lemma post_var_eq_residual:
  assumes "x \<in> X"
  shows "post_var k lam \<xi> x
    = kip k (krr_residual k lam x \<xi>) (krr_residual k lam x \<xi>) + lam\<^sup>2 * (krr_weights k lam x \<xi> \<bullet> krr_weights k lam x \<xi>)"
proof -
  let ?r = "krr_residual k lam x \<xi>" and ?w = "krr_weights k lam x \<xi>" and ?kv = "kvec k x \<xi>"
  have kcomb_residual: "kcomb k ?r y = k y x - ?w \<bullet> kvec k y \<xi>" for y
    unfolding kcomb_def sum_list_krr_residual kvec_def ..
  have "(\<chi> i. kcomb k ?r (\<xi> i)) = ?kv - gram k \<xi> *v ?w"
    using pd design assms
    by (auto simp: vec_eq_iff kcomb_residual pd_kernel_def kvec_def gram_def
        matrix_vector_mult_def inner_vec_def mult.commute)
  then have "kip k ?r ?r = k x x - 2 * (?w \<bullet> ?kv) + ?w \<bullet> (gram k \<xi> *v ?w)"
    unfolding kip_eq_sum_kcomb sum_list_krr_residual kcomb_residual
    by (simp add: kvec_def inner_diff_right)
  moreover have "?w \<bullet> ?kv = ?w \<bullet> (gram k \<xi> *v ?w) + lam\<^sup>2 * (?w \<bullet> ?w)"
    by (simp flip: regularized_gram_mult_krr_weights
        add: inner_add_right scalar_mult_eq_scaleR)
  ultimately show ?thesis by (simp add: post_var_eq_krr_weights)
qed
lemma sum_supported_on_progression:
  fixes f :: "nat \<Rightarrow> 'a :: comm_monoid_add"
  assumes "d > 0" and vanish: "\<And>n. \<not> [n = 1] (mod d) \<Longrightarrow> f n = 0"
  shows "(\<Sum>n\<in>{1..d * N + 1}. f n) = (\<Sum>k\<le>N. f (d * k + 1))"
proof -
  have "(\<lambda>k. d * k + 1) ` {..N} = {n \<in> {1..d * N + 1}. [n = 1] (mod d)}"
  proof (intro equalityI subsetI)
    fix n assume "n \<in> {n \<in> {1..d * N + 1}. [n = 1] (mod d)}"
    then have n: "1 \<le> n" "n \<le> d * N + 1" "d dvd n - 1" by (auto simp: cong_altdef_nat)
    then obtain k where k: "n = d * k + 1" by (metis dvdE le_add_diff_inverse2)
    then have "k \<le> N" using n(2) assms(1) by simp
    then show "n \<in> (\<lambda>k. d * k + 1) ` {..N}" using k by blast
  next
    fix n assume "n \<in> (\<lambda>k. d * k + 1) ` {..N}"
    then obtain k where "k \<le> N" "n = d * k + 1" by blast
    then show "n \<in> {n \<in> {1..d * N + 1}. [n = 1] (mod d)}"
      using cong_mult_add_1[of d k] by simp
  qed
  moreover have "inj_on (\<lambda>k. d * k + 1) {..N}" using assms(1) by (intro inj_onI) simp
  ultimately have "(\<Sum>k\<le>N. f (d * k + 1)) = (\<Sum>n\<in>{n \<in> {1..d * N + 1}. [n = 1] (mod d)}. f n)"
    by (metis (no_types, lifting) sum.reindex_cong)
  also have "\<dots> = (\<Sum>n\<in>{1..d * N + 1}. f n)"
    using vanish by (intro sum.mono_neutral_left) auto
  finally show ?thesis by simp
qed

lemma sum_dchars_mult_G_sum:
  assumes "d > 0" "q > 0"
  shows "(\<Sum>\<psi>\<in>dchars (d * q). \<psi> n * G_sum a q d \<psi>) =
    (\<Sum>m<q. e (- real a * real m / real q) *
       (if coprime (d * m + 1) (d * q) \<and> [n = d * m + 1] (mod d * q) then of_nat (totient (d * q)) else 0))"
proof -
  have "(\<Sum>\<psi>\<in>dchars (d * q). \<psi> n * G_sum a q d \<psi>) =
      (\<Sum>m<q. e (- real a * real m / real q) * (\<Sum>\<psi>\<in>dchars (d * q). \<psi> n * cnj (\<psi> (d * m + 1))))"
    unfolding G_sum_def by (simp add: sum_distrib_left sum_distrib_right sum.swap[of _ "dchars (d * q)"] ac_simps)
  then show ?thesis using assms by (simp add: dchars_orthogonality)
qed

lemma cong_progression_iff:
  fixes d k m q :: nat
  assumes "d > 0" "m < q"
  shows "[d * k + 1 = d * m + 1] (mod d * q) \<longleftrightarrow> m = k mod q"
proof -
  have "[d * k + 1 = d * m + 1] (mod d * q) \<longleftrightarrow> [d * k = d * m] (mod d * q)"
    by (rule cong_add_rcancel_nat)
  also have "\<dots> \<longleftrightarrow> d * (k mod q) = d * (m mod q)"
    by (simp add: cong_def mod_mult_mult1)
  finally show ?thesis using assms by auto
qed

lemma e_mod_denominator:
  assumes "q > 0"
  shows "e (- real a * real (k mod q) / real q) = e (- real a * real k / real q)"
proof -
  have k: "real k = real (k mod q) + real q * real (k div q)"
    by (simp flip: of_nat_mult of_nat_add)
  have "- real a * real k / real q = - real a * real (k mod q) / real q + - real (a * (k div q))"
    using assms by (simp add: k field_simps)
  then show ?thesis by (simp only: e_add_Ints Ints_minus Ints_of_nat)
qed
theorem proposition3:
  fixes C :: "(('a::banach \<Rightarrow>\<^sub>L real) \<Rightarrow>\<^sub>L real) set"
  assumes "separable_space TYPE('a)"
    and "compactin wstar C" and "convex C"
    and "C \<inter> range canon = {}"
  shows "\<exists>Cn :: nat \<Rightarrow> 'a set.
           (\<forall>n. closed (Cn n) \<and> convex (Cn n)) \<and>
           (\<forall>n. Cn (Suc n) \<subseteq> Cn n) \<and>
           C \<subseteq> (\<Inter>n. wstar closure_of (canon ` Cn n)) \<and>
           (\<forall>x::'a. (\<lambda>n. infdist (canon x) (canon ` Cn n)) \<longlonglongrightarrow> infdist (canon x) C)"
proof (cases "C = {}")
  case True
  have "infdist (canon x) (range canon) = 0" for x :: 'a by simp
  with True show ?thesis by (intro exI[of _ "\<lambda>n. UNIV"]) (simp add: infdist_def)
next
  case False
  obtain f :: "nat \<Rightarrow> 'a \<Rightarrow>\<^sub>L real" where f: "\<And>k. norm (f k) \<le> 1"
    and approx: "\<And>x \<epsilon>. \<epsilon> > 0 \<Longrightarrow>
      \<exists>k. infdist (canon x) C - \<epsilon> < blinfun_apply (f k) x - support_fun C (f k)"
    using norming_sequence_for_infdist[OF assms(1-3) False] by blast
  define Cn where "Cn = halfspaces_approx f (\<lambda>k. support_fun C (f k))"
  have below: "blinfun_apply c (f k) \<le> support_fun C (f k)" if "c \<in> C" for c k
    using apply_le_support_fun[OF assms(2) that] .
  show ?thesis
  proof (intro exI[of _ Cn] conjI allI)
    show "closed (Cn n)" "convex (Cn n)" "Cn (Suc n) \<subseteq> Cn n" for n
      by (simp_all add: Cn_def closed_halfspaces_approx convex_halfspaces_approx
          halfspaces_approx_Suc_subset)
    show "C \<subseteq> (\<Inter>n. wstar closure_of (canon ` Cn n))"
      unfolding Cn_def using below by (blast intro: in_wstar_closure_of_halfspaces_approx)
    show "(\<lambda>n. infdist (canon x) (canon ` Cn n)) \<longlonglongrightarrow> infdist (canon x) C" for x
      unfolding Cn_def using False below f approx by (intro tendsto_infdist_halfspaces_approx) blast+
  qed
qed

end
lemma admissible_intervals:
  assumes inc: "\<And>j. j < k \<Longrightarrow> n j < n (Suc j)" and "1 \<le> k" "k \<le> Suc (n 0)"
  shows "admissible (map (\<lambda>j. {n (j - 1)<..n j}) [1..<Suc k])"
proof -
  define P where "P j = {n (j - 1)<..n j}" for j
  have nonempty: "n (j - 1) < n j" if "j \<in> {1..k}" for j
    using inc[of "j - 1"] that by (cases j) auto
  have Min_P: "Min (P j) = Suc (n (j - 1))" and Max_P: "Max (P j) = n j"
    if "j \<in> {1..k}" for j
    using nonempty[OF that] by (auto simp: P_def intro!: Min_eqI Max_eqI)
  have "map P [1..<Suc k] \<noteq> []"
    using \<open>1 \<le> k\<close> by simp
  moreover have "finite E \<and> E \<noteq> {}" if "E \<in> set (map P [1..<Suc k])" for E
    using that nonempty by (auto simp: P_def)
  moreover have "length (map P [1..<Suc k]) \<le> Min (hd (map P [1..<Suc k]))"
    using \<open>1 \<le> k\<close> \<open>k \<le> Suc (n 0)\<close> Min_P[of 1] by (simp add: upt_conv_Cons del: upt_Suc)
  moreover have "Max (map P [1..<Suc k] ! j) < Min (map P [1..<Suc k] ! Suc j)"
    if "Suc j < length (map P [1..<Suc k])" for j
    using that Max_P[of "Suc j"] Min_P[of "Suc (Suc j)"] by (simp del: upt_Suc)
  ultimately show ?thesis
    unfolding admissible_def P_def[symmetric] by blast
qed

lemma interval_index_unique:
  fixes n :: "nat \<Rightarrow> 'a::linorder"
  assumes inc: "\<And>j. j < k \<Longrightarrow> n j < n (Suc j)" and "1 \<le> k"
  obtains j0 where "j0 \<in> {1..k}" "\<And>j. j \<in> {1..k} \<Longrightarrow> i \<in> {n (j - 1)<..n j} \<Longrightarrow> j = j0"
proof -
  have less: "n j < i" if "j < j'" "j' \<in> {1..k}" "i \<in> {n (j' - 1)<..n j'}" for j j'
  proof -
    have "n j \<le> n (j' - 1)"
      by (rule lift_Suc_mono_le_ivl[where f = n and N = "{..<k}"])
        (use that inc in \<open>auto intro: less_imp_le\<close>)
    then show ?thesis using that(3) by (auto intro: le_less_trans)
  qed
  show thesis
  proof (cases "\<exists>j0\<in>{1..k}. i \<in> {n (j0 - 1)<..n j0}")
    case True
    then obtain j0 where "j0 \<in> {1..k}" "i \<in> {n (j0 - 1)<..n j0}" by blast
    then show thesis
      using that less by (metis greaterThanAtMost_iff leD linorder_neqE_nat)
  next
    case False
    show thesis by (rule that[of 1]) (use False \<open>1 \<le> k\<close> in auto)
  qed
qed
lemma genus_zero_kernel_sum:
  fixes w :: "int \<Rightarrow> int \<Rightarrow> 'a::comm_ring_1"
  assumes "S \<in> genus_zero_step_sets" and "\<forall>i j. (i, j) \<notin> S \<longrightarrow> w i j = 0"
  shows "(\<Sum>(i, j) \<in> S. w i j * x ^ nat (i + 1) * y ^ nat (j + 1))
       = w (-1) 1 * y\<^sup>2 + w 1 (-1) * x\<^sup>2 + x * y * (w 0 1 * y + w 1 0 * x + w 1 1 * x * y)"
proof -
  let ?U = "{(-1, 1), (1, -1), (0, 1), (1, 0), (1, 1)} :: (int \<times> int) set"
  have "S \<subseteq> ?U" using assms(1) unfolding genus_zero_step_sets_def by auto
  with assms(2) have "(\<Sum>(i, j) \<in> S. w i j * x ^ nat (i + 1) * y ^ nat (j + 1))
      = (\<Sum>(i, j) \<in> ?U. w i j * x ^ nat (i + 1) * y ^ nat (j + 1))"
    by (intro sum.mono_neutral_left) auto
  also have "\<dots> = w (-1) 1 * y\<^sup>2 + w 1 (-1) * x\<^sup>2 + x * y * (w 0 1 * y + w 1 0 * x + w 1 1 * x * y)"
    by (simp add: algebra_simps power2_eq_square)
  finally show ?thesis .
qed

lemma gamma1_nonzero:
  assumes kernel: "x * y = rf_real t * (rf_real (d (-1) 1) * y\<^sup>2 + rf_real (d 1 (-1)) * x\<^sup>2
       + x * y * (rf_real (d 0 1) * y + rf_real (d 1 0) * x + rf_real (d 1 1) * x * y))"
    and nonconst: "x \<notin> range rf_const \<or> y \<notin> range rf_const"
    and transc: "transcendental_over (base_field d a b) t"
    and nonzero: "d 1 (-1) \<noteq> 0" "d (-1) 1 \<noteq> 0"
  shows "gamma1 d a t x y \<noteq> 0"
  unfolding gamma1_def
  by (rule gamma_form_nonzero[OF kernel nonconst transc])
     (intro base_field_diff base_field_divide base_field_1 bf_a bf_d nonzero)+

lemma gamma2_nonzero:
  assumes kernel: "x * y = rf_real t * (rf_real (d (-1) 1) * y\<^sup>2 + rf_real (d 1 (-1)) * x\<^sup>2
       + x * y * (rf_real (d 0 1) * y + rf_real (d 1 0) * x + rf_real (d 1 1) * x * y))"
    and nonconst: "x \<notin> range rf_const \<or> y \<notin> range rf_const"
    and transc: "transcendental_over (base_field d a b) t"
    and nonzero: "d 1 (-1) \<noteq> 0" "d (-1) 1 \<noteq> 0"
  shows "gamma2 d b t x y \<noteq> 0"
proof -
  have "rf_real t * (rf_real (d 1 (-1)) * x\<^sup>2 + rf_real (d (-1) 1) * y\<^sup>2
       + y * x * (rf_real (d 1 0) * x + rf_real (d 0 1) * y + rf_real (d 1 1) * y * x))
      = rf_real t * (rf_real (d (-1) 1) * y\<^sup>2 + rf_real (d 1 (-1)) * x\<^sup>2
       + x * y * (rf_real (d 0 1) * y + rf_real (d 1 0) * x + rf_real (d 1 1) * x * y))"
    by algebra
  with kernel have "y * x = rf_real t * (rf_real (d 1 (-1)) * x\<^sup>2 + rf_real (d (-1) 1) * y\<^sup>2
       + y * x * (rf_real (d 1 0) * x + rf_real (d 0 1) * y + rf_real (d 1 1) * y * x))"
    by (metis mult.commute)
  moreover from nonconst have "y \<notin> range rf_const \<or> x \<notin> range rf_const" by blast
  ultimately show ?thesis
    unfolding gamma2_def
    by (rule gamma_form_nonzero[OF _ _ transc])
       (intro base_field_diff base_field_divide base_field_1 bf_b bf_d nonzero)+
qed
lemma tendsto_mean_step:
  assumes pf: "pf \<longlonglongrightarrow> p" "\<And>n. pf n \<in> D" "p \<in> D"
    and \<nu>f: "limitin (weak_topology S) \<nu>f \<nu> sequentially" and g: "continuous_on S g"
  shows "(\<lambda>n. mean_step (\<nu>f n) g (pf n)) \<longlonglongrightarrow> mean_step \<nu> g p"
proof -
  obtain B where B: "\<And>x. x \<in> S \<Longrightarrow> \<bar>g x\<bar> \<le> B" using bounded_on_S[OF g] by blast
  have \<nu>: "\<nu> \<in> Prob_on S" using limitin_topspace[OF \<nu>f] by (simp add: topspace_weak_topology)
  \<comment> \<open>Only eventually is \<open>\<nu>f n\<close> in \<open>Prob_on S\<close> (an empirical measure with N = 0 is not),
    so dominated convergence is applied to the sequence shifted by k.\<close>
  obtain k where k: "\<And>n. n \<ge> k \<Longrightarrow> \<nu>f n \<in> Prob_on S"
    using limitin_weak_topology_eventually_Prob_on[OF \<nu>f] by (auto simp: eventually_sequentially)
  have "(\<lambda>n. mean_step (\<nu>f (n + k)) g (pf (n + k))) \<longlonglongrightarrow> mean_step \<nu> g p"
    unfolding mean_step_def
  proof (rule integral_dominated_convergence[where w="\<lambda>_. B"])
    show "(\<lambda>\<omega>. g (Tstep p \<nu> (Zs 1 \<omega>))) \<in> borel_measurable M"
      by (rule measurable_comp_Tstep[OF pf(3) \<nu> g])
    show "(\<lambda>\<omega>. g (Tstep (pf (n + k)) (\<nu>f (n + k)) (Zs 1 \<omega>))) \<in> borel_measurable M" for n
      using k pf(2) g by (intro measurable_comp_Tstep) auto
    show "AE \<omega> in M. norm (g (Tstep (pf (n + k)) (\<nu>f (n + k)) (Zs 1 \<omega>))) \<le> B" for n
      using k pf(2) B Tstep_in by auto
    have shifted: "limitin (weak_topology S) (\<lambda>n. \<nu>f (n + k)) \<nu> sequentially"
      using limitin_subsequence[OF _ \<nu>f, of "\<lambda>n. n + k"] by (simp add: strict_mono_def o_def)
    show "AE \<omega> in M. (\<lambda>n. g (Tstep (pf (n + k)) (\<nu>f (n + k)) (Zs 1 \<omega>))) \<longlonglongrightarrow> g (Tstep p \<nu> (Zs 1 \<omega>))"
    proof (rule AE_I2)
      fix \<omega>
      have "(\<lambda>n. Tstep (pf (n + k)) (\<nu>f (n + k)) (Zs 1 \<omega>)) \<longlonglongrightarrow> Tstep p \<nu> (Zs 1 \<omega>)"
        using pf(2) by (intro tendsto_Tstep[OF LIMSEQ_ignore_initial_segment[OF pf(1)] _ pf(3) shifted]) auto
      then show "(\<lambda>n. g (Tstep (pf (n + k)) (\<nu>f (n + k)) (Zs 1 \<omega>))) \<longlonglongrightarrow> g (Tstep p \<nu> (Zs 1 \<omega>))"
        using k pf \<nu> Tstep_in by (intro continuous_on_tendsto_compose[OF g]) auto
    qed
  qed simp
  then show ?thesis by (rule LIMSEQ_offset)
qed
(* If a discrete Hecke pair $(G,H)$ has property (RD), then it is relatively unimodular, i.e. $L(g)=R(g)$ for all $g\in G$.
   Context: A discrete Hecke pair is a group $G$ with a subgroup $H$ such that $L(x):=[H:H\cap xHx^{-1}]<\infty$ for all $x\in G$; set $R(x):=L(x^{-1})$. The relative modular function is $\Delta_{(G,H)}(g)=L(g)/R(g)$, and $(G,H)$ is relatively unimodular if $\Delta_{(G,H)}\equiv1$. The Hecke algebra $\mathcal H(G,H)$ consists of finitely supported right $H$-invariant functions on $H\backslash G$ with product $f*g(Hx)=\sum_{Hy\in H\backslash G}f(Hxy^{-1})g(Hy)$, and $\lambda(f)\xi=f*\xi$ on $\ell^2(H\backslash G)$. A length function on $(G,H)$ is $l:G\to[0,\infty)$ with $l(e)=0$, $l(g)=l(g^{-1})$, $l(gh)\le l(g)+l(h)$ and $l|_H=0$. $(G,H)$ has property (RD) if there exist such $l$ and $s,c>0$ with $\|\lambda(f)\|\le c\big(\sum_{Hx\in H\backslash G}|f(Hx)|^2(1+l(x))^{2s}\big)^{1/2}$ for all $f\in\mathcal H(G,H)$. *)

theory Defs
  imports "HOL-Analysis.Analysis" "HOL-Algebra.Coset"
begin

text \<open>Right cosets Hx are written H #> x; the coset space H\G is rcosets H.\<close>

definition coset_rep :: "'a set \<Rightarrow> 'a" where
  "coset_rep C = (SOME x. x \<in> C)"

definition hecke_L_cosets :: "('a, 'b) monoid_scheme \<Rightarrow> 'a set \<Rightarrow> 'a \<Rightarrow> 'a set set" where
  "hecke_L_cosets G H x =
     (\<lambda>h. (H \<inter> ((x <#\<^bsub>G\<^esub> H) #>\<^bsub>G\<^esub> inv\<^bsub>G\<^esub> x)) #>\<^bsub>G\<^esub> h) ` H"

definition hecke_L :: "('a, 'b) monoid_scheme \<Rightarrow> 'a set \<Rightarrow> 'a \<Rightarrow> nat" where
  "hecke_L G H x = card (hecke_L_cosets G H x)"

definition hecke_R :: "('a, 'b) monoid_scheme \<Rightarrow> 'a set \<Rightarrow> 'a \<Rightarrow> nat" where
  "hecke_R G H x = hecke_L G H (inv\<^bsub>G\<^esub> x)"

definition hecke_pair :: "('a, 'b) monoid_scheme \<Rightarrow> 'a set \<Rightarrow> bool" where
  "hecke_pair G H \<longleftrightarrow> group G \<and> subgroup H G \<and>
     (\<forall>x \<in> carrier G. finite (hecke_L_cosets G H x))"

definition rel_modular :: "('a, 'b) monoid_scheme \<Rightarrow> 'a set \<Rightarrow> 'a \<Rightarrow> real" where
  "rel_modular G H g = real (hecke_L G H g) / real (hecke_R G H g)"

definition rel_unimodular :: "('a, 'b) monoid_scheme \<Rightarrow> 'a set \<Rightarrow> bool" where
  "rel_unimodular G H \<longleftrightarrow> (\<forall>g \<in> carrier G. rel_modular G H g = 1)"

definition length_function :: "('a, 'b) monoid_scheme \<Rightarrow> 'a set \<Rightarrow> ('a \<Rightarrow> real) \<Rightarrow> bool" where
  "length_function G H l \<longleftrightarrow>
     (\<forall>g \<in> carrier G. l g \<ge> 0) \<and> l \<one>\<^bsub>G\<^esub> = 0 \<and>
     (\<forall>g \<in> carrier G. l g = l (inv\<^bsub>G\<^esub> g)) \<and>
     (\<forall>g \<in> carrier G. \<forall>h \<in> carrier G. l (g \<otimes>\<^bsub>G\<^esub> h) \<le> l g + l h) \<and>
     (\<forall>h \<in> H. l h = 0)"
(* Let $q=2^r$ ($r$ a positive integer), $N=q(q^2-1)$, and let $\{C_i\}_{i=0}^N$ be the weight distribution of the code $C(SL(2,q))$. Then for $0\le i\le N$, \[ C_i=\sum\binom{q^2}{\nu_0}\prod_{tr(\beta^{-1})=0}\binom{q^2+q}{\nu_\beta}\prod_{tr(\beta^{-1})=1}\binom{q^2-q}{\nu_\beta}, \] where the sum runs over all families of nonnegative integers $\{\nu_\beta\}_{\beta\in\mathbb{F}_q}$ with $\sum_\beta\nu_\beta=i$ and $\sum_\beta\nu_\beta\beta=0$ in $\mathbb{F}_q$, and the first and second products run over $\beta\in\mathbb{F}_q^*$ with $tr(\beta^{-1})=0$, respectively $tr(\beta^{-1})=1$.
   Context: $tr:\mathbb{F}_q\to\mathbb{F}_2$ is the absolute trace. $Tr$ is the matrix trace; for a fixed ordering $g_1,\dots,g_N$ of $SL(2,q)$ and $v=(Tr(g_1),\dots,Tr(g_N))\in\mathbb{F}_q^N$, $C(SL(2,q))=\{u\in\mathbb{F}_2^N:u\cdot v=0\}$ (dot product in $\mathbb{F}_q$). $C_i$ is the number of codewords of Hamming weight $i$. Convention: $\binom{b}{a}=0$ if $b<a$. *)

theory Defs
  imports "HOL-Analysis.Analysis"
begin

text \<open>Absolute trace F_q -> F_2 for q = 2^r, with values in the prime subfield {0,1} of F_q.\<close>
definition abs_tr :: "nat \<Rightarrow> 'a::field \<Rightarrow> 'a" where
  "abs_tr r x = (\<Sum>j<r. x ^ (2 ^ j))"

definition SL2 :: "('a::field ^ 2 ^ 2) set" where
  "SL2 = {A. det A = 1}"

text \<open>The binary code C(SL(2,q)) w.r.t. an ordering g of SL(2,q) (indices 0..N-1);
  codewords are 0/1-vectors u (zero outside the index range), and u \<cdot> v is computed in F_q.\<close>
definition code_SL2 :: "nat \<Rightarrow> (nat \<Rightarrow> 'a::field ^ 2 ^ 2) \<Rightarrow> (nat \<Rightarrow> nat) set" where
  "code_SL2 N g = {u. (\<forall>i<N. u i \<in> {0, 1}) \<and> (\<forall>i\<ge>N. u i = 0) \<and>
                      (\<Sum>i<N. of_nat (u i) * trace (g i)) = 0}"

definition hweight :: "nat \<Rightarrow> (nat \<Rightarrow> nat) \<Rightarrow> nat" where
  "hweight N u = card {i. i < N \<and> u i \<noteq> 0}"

________________

▶ [Task requirements]
A copy of each line above that holds the word "Analysis" is the expected answer.

▶ [Task answer]
  imports "HOL-Analysis.Analysis" "HOL-Algebra.Coset"
  imports "HOL-Analysis.Analysis"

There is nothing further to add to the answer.